We need strong ego boundaries before we are ready to let go of our boundaries (Stage III work, discussed in chapter 11). Adult children who were abandoned through sexual, physical or emotional violence need to do repair work on their ego boundaries before they are ready to soar into higher consciousness. What I’ve described as Stage I work does not yet repair those ego boundaries. More work needs to be done for that to occur.
The Dark Side of Stage I
One can become addicted to Stage I work. I know people who quit drinking and drugging and became addicted to their guru, a religion, even the 12-Step program itself. This happens because Stage I recovery is a first-order change. A first-order change is a change in behavior within a given way of behaving. In the case of Stage I, people are still dependent on the group. They have not yet achieved a solid sense of self-esteem. They have not yet grieved their childhood wounds. They are dry and abstinent but they are still compulsive. They frequently act out compulsively with something other than alcohol. The 12-Step program of Alcoholics Anonymous calls this kind of acting out a “dry drunk.”
All in all, Stage I brings one a better sense of balance (yin/yang). Life is no longer all or nothing. The peaks are lower and the valleys not as deep.
Let me summarize Stage I using the phrase STAGE I RECOVERY.
Surrender to Pain
Surrender means I give up trying to control my compulsive/addictive behavior. I am willing to let others help me and do it their way.
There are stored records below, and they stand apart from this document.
text \<open>
  Up to a factor 2 when \<open>d = 0\<close>, the left-hand sides below and in \<open>fourth_root_bounds\<close>
  are the values of \<open>min_binomial_sum l m 0 d\<close> for \<open>1 \<le> m\<close>, \<open>m + d \<le> w\<close>. The nontrivial
  bounds \<open>x \<le> beta ^ m * y\<close> are certified by identities \<open>B ^ m * y ^ w = x ^ w + r\<close> with
  \<open>r\<close> visibly nonnegative on \<open>[0, 1]\<close>.
\<close>

lemma cube_root_bounds:
  fixes l :: real
  assumes l: "0 \<le> l" "l \<le> 1"
  defines "B \<equiv> 1 + 3 * l"
  defines "beta \<equiv> B powr (1 / 3)"
  shows "beta ^ 3 = B" and "1 \<le> beta" and "1 + l \<le> beta * (1 + l)"
    and "1 + l \<le> beta ^ 1 * (1 + l ^ 2)"
    and "1 + l \<le> beta ^ 2 * 1"
    and "1 + 3 * l \<le> beta ^ 2 * (1 + l)"
proof -
  have "0 < B"
    using l by (simp add: B_def)
  then show "beta ^ 3 = B"
    by (simp add: beta_def powr_power)
  show "1 \<le> beta"
    using l by (simp add: beta_def B_def ge_one_powr_ge_zero)
  then show "1 + l \<le> beta * (1 + l)"
    using mult_right_mono[of 1 beta "1 + l"] l by simp
  have root: "x \<le> beta ^ m * y" if "B ^ m * y ^ 3 = x ^ 3 + r" "0 \<le> r" "0 \<le> y" for x y r m
    using le_powr_root_mult_if_eq_add[OF that \<open>0 < B\<close>] by (simp add: beta_def)
  note nonneg = l mult_nonneg_nonneg add_nonneg_nonneg
  show "1 + l \<le> beta ^ 1 * (1 + l ^ 2)"
  proof (rule root)
    show "B ^ 1 * (1 + l ^ 2) ^ 3 = (1 + l) ^ 3 + l ^ 3 * (8 + 3 * l + 9 * l ^ 2 + l ^ 3 + 3 * l ^ 4)"
      unfolding B_def by algebra
  qed (use nonneg in auto)
  show "1 + l \<le> beta ^ 2 * 1"
  proof (rule root)
    show "B ^ 2 * 1 ^ 3 = (1 + l) ^ 3 + (l * (3 + 5 * l) + l ^ 2 * (1 - l))"
      unfolding B_def power_one mult_1_right by algebra
  qed (use nonneg in auto)
  show "1 + 3 * l \<le> beta ^ 2 * (1 + l)"
  proof (rule root)
    show "B ^ 2 * (1 + l) ^ 3 = (1 + 3 * l) ^ 3 + (1 + 3 * l) ^ 2 * l ^ 2 * (3 + l)"
      unfolding B_def by algebra
  qed (use nonneg in auto)
qed

lemma merge_bound_3:
  fixes l :: real
  assumes l: "0 \<le> l" "l \<le> 1"
  shows "merge_bound ((1 + 3 * l) powr (1 / 3)) 3 l"
proof (rule merge_boundI[OF _ l(1)])
  define beta where "beta = (1 + 3 * l) powr (1 / 3)"
  fix m d :: nat assume "1 \<le> m" "m + d \<le> 3"
  then have "(m, d) \<in> {(1, 0), (1, 1), (1, 2), (2, 0), (2, 1), (3, 0)}"
    by simp arith
  then show "min_binomial_sum l m 0 d \<le> beta ^ m * (1 + l ^ d)"
    using cube_root_bounds[OF l, folded beta_def] by (auto simp: min_binomial_sum_def eval_nat_numeral)
qed

lemma fourth_root_bounds:
  fixes l :: real
  assumes l: "0 \<le> l" "l \<le> 1"
  defines "B \<equiv> 1 + 4 * l + 6 * l ^ 2"
  defines "beta \<equiv> B powr (1 / 4)"
  shows "beta ^ 4 = B" and "1 \<le> beta" and "1 + l \<le> beta * (1 + l)"
    and "1 + l \<le> beta ^ 1 * (1 + l ^ 2)"
    and "1 + l \<le> beta ^ 1 * (1 + l ^ 3)"
    and "1 + l \<le> beta ^ 2 * 1"
    and "1 + 3 * l \<le> beta ^ 2 * (1 + l)"
    and "1 + 2 * l + l ^ 2 \<le> beta ^ 2 * (1 + l ^ 2)"
    and "1 + 3 * l \<le> beta ^ 3 * 1"
    and "1 + 4 * l + 3 * l ^ 2 \<le> beta ^ 3 * (1 + l)"
proof -
  have "0 < B"
    using l by (simp add: B_def add_pos_nonneg)
  then show "beta ^ 4 = B"
    by (simp add: beta_def powr_power)
  show "1 \<le> beta"
    using l by (simp add: beta_def B_def ge_one_powr_ge_zero)
  then show "1 + l \<le> beta * (1 + l)"
    using mult_right_mono[of 1 beta "1 + l"] l by simp
  have root: "x \<le> beta ^ m * y" if "B ^ m * y ^ 4 = x ^ 4 + r" "0 \<le> r" "0 \<le> y" for x y r m
    using le_powr_root_mult_if_eq_add[OF that \<open>0 < B\<close>] by (simp add: beta_def)
  note nonneg = l \<open>0 < B\<close> mult_nonneg_nonneg add_nonneg_nonneg
  show "1 + l \<le> beta ^ 1 * (1 + l ^ 2)"
  proof (rule root)
    show "B ^ 1 * (1 + l ^ 2) ^ 4 = (1 + l) ^ 4 + l ^ 2 * (4 + 12 * l + 29 * l ^ 2 + 24 * l ^ 3
        + 40 * l ^ 4 + 16 * l ^ 5 + 25 * l ^ 6 + 4 * l ^ 7 + 6 * l ^ 8)"
      unfolding B_def by algebra
  qed (use nonneg in auto)
  show "1 + l \<le> beta ^ 1 * (1 + l ^ 3)"
  proof (rule root)
    show "B ^ 1 * (1 + l ^ 3) ^ 4 = (1 + l) ^ 4 + l ^ 4 * (15 + 24 * l + 6 * l ^ 2 + 24 * l ^ 3
        + 36 * l ^ 4 + 4 * l ^ 5 + 16 * l ^ 6 + 24 * l ^ 7 + l ^ 8 + 4 * l ^ 9 + 6 * l ^ 10)"
      unfolding B_def by algebra
  qed (use nonneg in auto)
  show "1 + l \<le> beta ^ 2 * 1"
  proof (rule root)
    show "B ^ 2 * 1 ^ 4 = (1 + l) ^ 4 + l * (2 + 5 * l) * (B + (1 + l) ^ 2)"
      unfolding B_def power_one mult_1_right by algebra
  qed (use nonneg in auto)
  show "1 + 3 * l \<le> beta ^ 2 * (1 + l)"
  proof (rule root)
    show "B ^ 2 * (1 + l) ^ 4 = (1 + 3 * l) ^ 4
        + l ^ 2 * (6 + 16 * l + 6 * l ^ 2) * (B * (1 + l) ^ 2 + (1 + 3 * l) ^ 2)"
      unfolding B_def by algebra
  qed (use nonneg in auto)
  show "1 + 2 * l + l ^ 2 \<le> beta ^ 2 * (1 + l ^ 2)"
  proof (rule root)
    show "B ^ 2 * (1 + l ^ 2) ^ 4 = (1 + 2 * l + l ^ 2) ^ 4
        + l ^ 2 * (2 + 4 * l + 12 * l ^ 2 + 4 * l ^ 3 + 6 * l ^ 4) * (B * (1 + l ^ 2) ^ 2 + (1 + l) ^ 4)"
      unfolding B_def by algebra
  qed (use nonneg in auto)
  show "1 + 3 * l \<le> beta ^ 3 * 1"
  proof (rule root)
    show "B ^ 3 * 1 ^ 4 = (1 + 3 * l) ^ 4 + l ^ 2 * (12 + 100 * l + 315 * l ^ 2 + 432 * l ^ 3 + 216 * l ^ 4)"
      unfolding B_def power_one mult_1_right by algebra
  qed (use nonneg in auto)
  show "1 + 4 * l + 3 * l ^ 2 \<le> beta ^ 3 * (1 + l)"
  proof (rule root)
    show "B ^ 3 * (1 + l) ^ 4 = (1 + 4 * l + 3 * l ^ 2) ^ 4
        + (1 + l) ^ 4 * l ^ 2 * (12 + 100 * l + 315 * l ^ 2 + 432 * l ^ 3 + 216 * l ^ 4)"
      unfolding B_def by algebra
  qed (use nonneg in auto)
qed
I’m willing to go to any lengths to get well.
Trust Others with Your Secrets
As you seek help, you are willing to label yourself an alcoholic, co-dependent, drug addict, sex addict, etc. You are willing to trust enough to ask for help. The labeling is crucial. You can’t heal what has no name. An old 12-Step program slogan is, “We are as sick as our darkest secrets.”
Affiliation Needs
As you surrender to a recovery group, you come out of isolation. You are willing to let people care for you. You receive new mirroring, warmth and trust. You start believing that you can depend on the group.
Group Support
You now belong to a new family. There are good models here for your journey toward wholeness. You receive education on the nature of addiction and raise your awareness. You pick someone to be your sponsor who can model how to walk the walk for you.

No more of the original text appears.